The 10 Key Factors Impacting Ice Quality

Every rink, in essence, is a business and your main source of revenue is from ice rental.

You are selling your ice sheet – so you want the highest quality possible, for safety & appearance, while minimizing costs (mainly energy bills and staff wages).

This can be achieved with an effective daily maintenance plan which will minimize both energy costs and labour required.

The key to your success is to find the balance between the key factors affecting the ice surface and costs without sacrificing your primary asset – ice quality!

Since no two rinks are the same, there is no single combination of factors that will work in every facility.  Some of these variables include the length of the operating season, programming schedule, geographic location, age and condition of the building, water quality, refrigeration capacity, dehumidification, operations staff, management, etc.

The following represents an overview of the eight key factors for consideration that affect the ice quality at any arena, including a brief explanation as to why it is important and how each one may relate to the other.  Each of these factors is essential, but not one can be considered in isolation.

Once controlled, these factors will help you produce a world-class sheet of clean, clear, and dense ice that is able to withstand constant use with minimal maintenance.

The Driver

The quality of the ice sheet is ultimately in the hands of the ice resurfacer driver, or drivers.  From the start of their day to the end of their shift, the ice resurfacer driver must constantly consider conditions affecting the ice sheet.

Air & Ice

A sheet of ice that is loaded with air is not as dense or hard as it could be and will be more prone to cutting and snow build-up.  Water used for making ice and resurfacing will contain dissolved air, which is a concern for all ice makers.

Ice Making Building

When originally making your ice sheet using cold water, air can easily be removed by using the “flash freeze” method. This is done simply by applying light sprays of the water onto a very cold surface. During this process, you can actually see the air/ice interface shimmer or percolate as the dissolved air is expelled from the cold water during the flash freeze or phase change.
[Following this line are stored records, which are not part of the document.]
(* Let $n\ge 0$ and let $\Psi=(\psi_0,\dots,\psi_n)$ with $\psi_k\in(-\tfrac{\pi}{2},\tfrac{\pi}{2})$ for all $k$. For $x\in[-1,1]$ let $\theta\in[0,\pi]$ satisfy $\cos\theta=x$. (a) Define $\boldsymbol\gamma:\mathbb Z\to\mathbb C$ by $\gamma_k:=\tan\psi_k$ for $k=0,\dots,n$ and $\gamma_k=0$ otherwise. Then for all $\theta\in[0,\pi]$, $$\begin{pmatrix}1&0\\0&i\end{pmatrix} H\, U_n(\Psi,\cos\theta)\, H \begin{pmatrix}1&0\\0&-i\end{pmatrix}=\overbrace{\boldsymbol\gamma}(e^{2i\theta})\begin{pmatrix}e^{in\theta}&0\\0&e^{-in\theta}\end{pmatrix}.$$ (b) Define $\boldsymbol\gamma$ by $\gamma_k:=i\tan\psi_k$ for $k=0,\dots,n$ and $\gamma_k=0$ otherwise. Then for all $\theta\in[0,\pi]$, $$H\, U_n(\Psi,\cos\theta)\, H=\overbrace{\boldsymbol\gamma}(e^{2i\theta})\begin{pmatrix}e^{in\theta}&0\\0&e^{-in\theta}\end{pmatrix}.$$
   Context: $Z=\begin{pmatrix}1&0\\0&-1\end{pmatrix}$, $H=\frac1{\sqrt2}\begin{pmatrix}1&1\\1&-1\end{pmatrix}$. For $x\in[-1,1]$, $W(x):=\begin{pmatrix}x& i\sqrt{1-x^2}\\ i\sqrt{1-x^2}&x\end{pmatrix}$, and $U_n(\Psi,x):=e^{i\psi_0 Z}\prod_{k=1}^n\big(W(x)e^{i\psi_k Z}\big)$ (ordered product, factors with increasing $k$ from left to right). For a compactly supported $\boldsymbol\gamma:\mathbb Z\to\mathbb C$ supported in $[m,n']$, its nonlinear Fourier transform (NLFT) is the matrix-valued function $\overbrace{\boldsymbol\gamma}(z):=\prod_{k=m}^{n'}\frac{1}{\sqrt{1+|\gamma_k|^2}}\begin{pmatrix}1&\gamma_k z^k\\-\overline{\gamma_k}z^{-k}&1\end{pmatrix}$, $z\in\mathbb C\setminus\{0\}$, with the product ordered by increasing $k$ from left to right. *)

theory Defs
  imports "HOL-Analysis.Analysis"
begin

text \<open>2x2 complex matrices as complex^2^2; index 1 = first row/column, 2 = second.\<close>

definition mat2 :: "complex \<Rightarrow> complex \<Rightarrow> complex \<Rightarrow> complex \<Rightarrow> complex^2^2" where
  "mat2 a b c d = (\<chi> i j. if i = 1 then (if j = 1 then a else b) else (if j = 1 then c else d))"

definition Zmat :: "complex^2^2" where "Zmat = mat2 1 0 0 (-1)"

definition Hmat :: "complex^2^2" where
  "Hmat = mat2 (1 / sqrt 2) (1 / sqrt 2) (1 / sqrt 2) (- 1 / sqrt 2)"

definition Wmat :: "real \<Rightarrow> complex^2^2" where
  "Wmat x = mat2 x (\<i> * sqrt (1 - x\<^sup>2)) (\<i> * sqrt (1 - x\<^sup>2)) x"

text \<open>e^{i psi Z}; since Z = diag(1,-1) this is diag(e^{i psi}, e^{-i psi}).\<close>
definition expiZ :: "real \<Rightarrow> complex^2^2" where
  "expiZ \<psi> = mat2 (exp (\<i> * \<psi>)) 0 0 (exp (- \<i> * \<psi>))"

fun Uqsp :: "nat \<Rightarrow> (nat \<Rightarrow> real) \<Rightarrow> real \<Rightarrow> complex^2^2" where
  "Uqsp 0 \<Psi> x = expiZ (\<Psi> 0)"
| "Uqsp (Suc n) \<Psi> x = Uqsp n \<Psi> x ** (Wmat x ** expiZ (\<Psi> (Suc n)))"

definition nlft_factor :: "(int \<Rightarrow> complex) \<Rightarrow> int \<Rightarrow> complex \<Rightarrow> complex^2^2" where
  "nlft_factor \<gamma> k z =
     (let s = complex_of_real (1 / sqrt (1 + (cmod (\<gamma> k))\<^sup>2)) in
      mat2 s (s * \<gamma> k * z powi k) (- s * cnj (\<gamma> k) * z powi (- k)) s)"

definition nlft :: "(int \<Rightarrow> complex) \<Rightarrow> int \<Rightarrow> int \<Rightarrow> complex \<Rightarrow> complex^2^2" where
  "nlft \<gamma> m n' z = foldl (\<lambda>A k. A ** nlft_factor \<gamma> k z) (mat 1) [m..n']"

end

theory Submission
  imports Defs
begin

text \<open>Conjugation by L = H (part b) or L = diag(1,i) H (part a) diagonalises W(cos \<theta>) to
  diag(e^{i\<theta>}, e^{-i\<theta>}) and turns e^{i\<psi> Z} into a rotation by \<psi>. Pushing all diagonal phases
  of the conjugated product to the right, the k-th rotation is conjugated by diag(e^{ik\<theta>}, e^{-ik\<theta>}),
  which multiplies its off-diagonal entries by z^k and z^{-k} with z = e^{2i\<theta>}; since
  cos \<psi> = (1 + tan^2 \<psi>)^{-1/2} on (-\<pi>/2, \<pi>/2), it is then exactly the k-th NLFT factor.\<close>

lemma mat2_mult:
  "mat2 a b c d ** mat2 a' b' c' d' = mat2 (a*a' + b*c') (a*b' + b*d') (c*a' + d*c') (c*b' + d*d')"
  by (simp add: vec_eq_iff matrix_matrix_mult_def mat2_def sum_2 forall_2)

lemma mat2_eq_iff: "mat2 a b c d = mat2 a' b' c' d' \<longleftrightarrow> a = a' \<and> b = b' \<and> c = c' \<and> d = d'"
  by (auto simp: vec_eq_iff mat2_def forall_2)

lemma mat_1_eq_mat2: "mat 1 = mat2 1 0 0 1"
  by (simp add: vec_eq_iff mat_def mat2_def forall_2)

definition phase_mat :: "nat \<Rightarrow> real \<Rightarrow> complex^2^2" where
  "phase_mat k t = mat2 (exp (\<i> * of_nat k * of_real t)) 0 0 (exp (- \<i> * of_nat k * of_real t))"

lemma phase_mat_0: "phase_mat 0 t = mat 1"
  by (simp add: phase_mat_def mat_1_eq_mat2)

lemma phase_mat_Suc: "phase_mat k t ** phase_mat 1 t = phase_mat (Suc k) t"
  by (simp add: phase_mat_def mat2_mult mat2_eq_iff exp_add[symmetric] algebra_simps)

lemma exp_i_real: "exp (\<i> * of_real t) = of_real (cos t) + \<i> * of_real (sin t)"
  by (simp add: cis_conv_exp[symmetric] complex_eq_iff)

lemma exp_minus_i_real: "exp (- (\<i> * of_real t)) = of_real (cos t) - \<i> * of_real (sin t)"
  using exp_i_real[of "-t"] by simp

lemma exp_double_power:
  "exp (2 * \<i> * of_real t) ^ k = exp (\<i> * of_nat k * of_real t) * exp (\<i> * of_nat k * of_real t)"
  by (simp add: exp_of_nat_mult[symmetric] exp_add[symmetric] algebra_simps)

lemma sqrt_one_minus_cos_square: "0 \<le> t \<Longrightarrow> t \<le> pi \<Longrightarrow> sqrt (1 - (cos t)\<^sup>2) = sin t"
  by (simp add: sin_squared_eq[symmetric] sin_ge_zero)

lemma of_real_sqrt_2_square:
  "complex_of_real (sqrt 2) * complex_of_real (sqrt 2) = 2" "(complex_of_real (sqrt 2))\<^sup>2 = 2"
  by (simp_all flip: of_real_mult of_real_power)

lemma Hmat_square: "Hmat ** Hmat = mat 1"
  by (simp add: Hmat_def mat2_mult mat_1_eq_mat2 mat2_eq_iff power2_eq_square[symmetric]
      power_divide flip: of_real_power)

lemma Hmat_Wmat_Hmat:
  assumes "0 \<le> t" "t \<le> pi"
  shows "Hmat ** Wmat (cos t) ** Hmat = phase_mat 1 t"
  using assms
  by (simp add: Hmat_def Wmat_def phase_mat_def mat2_mult mat2_eq_iff sqrt_one_minus_cos_square
      exp_i_real exp_minus_i_real)
     (simp add: field_simps of_real_sqrt_2_square)

lemma Hmat_expiZ_Hmat: "Hmat ** expiZ p ** Hmat = mat2 (cos p) (\<i> * sin p) (\<i> * sin p) (cos p)"
  by (simp add: Hmat_def expiZ_def mat2_mult mat2_eq_iff exp_i_real exp_minus_i_real[simplified]
      flip: of_real_minus)
     (simp add: field_simps of_real_sqrt_2_square)

lemma conj_diag_1_i:
  "mat2 1 0 0 \<i> ** mat2 a b c d ** mat2 1 0 0 (- \<i>) = mat2 a (- \<i> * b) (\<i> * c) d"
  by (simp add: mat2_mult mat2_eq_iff mult.commute[of _ \<i>])

lemma nlft_0: "nlft g 0 0 z = nlft_factor g 0 z"
  by (simp add: nlft_def)

lemma nlft_Suc: "nlft g 0 (int (Suc n)) z = nlft g 0 (int n) z ** nlft_factor g (int (Suc n)) z"
proof -
  have "[0..int (Suc n)] = [0..int n] @ [int (Suc n)]"
    using upto_rec2[of 0 "int (Suc n)"] by simp
  thus ?thesis by (simp add: nlft_def)
qed

lemma phase_mat_rotation_eq_nlft_factor:
  assumes p: "- (pi / 2) < p" "p < pi / 2" and c: "cmod c = 1"
    and g: "g (int k) = c * of_real (tan p)"
  shows "phase_mat k t ** mat2 (cos p) (c * sin p) (- cnj c * sin p) (cos p)
         = nlft_factor g (int k) (exp (2 * \<i> * of_real t)) ** phase_mat k t"
proof -
  have cos_pos: "cos p > 0" using p cos_gt_zero_pi by auto
  then have "1 + (tan p)\<^sup>2 = 1 / (cos p)\<^sup>2"
    by (simp add: tan_def field_simps sin_squared_eq)
  then have "1 / sqrt (1 + (cmod (g (int k)))\<^sup>2) = cos p"
    using cos_pos by (simp add: g norm_mult c real_sqrt_divide)
  then show ?thesis
    using cos_pos
    by (simp add: nlft_factor_def Let_def phase_mat_def mat2_mult mat2_eq_iff g power_int_minus
        exp_double_power tan_def exp_minus)
qed

lemma Uqsp_conj_eq_nlft:
  assumes RL: "R ** L = mat 1"
    and W: "L ** Wmat x ** R = phase_mat 1 t"
    and factor: "\<And>k. k \<le> n \<Longrightarrow>
      phase_mat k t ** (L ** expiZ (\<Psi> k) ** R) = nlft_factor g (int k) (exp (2 * \<i> * of_real t)) ** phase_mat k t"
  shows "L ** Uqsp n \<Psi> x ** R = nlft g 0 (int n) (exp (2 * \<i> * of_real t)) ** phase_mat n t"
  using factor
proof (induction n)
  case 0
  then show ?case by (simp add: nlft_0 phase_mat_0)
next
  case (Suc n)
  let ?z = "exp (2 * \<i> * of_real t)"
  have "L ** Uqsp (Suc n) \<Psi> x ** R
        = L ** Uqsp n \<Psi> x ** (R ** L) ** Wmat x ** (R ** L) ** expiZ (\<Psi> (Suc n)) ** R"
    by (simp add: RL matrix_mul_assoc del: Uqsp.simps) (simp add: matrix_mul_assoc)
  also have "\<dots> = (L ** Uqsp n \<Psi> x ** R) ** (L ** Wmat x ** R) ** (L ** expiZ (\<Psi> (Suc n)) ** R)"
    by (simp add: matrix_mul_assoc)
  also have "\<dots> = nlft g 0 (int n) ?z ** (phase_mat (Suc n) t ** (L ** expiZ (\<Psi> (Suc n)) ** R))"
    using Suc by (simp only: W matrix_mul_assoc phase_mat_Suc[symmetric] Suc.IH le_SucI)
  also have "\<dots> = nlft g 0 (int (Suc n)) ?z ** phase_mat (Suc n) t"
    using Suc.prems[of "Suc n"] by (simp only: nlft_Suc matrix_mul_assoc order_refl)
  finally show ?case .
qed

theorem lemma3p1:
  fixes n :: nat and \<Psi> :: "nat \<Rightarrow> real" and \<theta> :: real
  assumes psi: "\<forall>k\<le>n. - (pi / 2) < \<Psi> k \<and> \<Psi> k < pi / 2"
    and th: "0 \<le> \<theta>" "\<theta> \<le> pi"
  shows "(mat2 1 0 0 \<i> ** Hmat ** Uqsp n \<Psi> (cos \<theta>) ** Hmat ** mat2 1 0 0 (- \<i>)
           = nlft (\<lambda>k. if 0 \<le> k \<and> k \<le> int n then complex_of_real (tan (\<Psi> (nat k))) else 0)
                  0 (int n) (exp (2 * \<i> * \<theta>))
             ** mat2 (exp (\<i> * n * \<theta>)) 0 0 (exp (- \<i> * n * \<theta>)))
       \<and> (Hmat ** Uqsp n \<Psi> (cos \<theta>) ** Hmat
           = nlft (\<lambda>k. if 0 \<le> k \<and> k \<le> int n then \<i> * complex_of_real (tan (\<Psi> (nat k))) else 0)
                  0 (int n) (exp (2 * \<i> * \<theta>))
             ** mat2 (exp (\<i> * n * \<theta>)) 0 0 (exp (- \<i> * n * \<theta>)))"
proof
  let ?z = "exp (2 * \<i> * complex_of_real \<theta>)"
  let ?S = "mat2 1 0 0 \<i>" and ?S' = "mat2 1 0 0 (- \<i>)"
  let ?\<gamma>a = "\<lambda>k. if 0 \<le> k \<and> k \<le> int n then complex_of_real (tan (\<Psi> (nat k))) else 0"
  let ?\<gamma>b = "\<lambda>k. if 0 \<le> k \<and> k \<le> int n then \<i> * complex_of_real (tan (\<Psi> (nat k))) else 0"
  have S_conj: "(?S ** Hmat) ** M ** (Hmat ** ?S') = ?S ** (Hmat ** M ** Hmat) ** ?S'" for M
    by (simp add: matrix_mul_assoc)
  have "?S' ** ?S = mat 1"
    by (simp add: mat2_mult mat_1_eq_mat2)
  then have "(Hmat ** ?S') ** (?S ** Hmat) = mat 1"
    by (metis Hmat_square matrix_mul_assoc matrix_mul_lid)
  moreover have "(?S ** Hmat) ** Wmat (cos \<theta>) ** (Hmat ** ?S') = phase_mat 1 \<theta>"
    unfolding S_conj Hmat_Wmat_Hmat[OF th] by (simp add: phase_mat_def conj_diag_1_i)
  moreover have "phase_mat k \<theta> ** ((?S ** Hmat) ** expiZ (\<Psi> k) ** (Hmat ** ?S'))
      = nlft_factor ?\<gamma>a (int k) ?z ** phase_mat k \<theta>" if "k \<le> n" for k
    using phase_mat_rotation_eq_nlft_factor[of "\<Psi> k" 1 ?\<gamma>a k \<theta>] psi that
    by (simp add: S_conj Hmat_expiZ_Hmat conj_diag_1_i)
  ultimately have "(?S ** Hmat) ** Uqsp n \<Psi> (cos \<theta>) ** (Hmat ** ?S') = nlft ?\<gamma>a 0 (int n) ?z ** phase_mat n \<theta>"
    by (rule Uqsp_conj_eq_nlft)
  then show "?S ** Hmat ** Uqsp n \<Psi> (cos \<theta>) ** Hmat ** ?S' = nlft ?\<gamma>a 0 (int n) ?z
      ** mat2 (exp (\<i> * n * \<theta>)) 0 0 (exp (- \<i> * n * \<theta>))"
    by (simp add: matrix_mul_assoc phase_mat_def)
  have "phase_mat k \<theta> ** (Hmat ** expiZ (\<Psi> k) ** Hmat) = nlft_factor ?\<gamma>b (int k) ?z ** phase_mat k \<theta>"
    if "k \<le> n" for k
    using phase_mat_rotation_eq_nlft_factor[of "\<Psi> k" \<i> ?\<gamma>b k \<theta>] psi that by (simp add: Hmat_expiZ_Hmat)
  with Hmat_square Hmat_Wmat_Hmat[OF th]
  have "Hmat ** Uqsp n \<Psi> (cos \<theta>) ** Hmat = nlft ?\<gamma>b 0 (int n) ?z ** phase_mat n \<theta>"
    by (rule Uqsp_conj_eq_nlft)
  then show "Hmat ** Uqsp n \<Psi> (cos \<theta>) ** Hmat = nlft ?\<gamma>b 0 (int n) ?z
      ** mat2 (exp (\<i> * n * \<theta>)) 0 0 (exp (- \<i> * n * \<theta>))"
    by (simp add: phase_mat_def)
qed

end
Ice Maintenance / Resurfacing

The other common method of removing air is to heat the ice resurfacer water, which releases the dissolved gases. As the temperature of the water is increased, the dissolved air becomes less soluble. A combination of mineral-free water and the higher water temperature to remove the air will typically produce a smooth clean surface.

Sensible Heat Loads

Sensible heat refers, quite simply, to the heat load on the ice surface that you can ‘sense’ through a change in temperature, whereas latent heat has no temperature change but rather represents a heat load through a change of state.

There are several sensible heat loads on the ice surface, which vary from one rink to another.

Latent Load & Humidity

An in-depth understanding of humidity requires a psychrometric chart, but the general concept can be made a little easier to follow with an overview of the basics.

Quite simply, warmer air is able to hold more water vapour than colder air. This is evident when the air of a warm summer evening deposits its moisture as dew on the grass while the temperature falls throughout the night, and again when that water is absorbed the next day as the air is warmed again by the morning sun.

Ice Thickness

The thickness of the ice is critical to its quality. If it is too thin, you run the risk of skaters cutting right through to the concrete floor and possibly sustaining a serious injury.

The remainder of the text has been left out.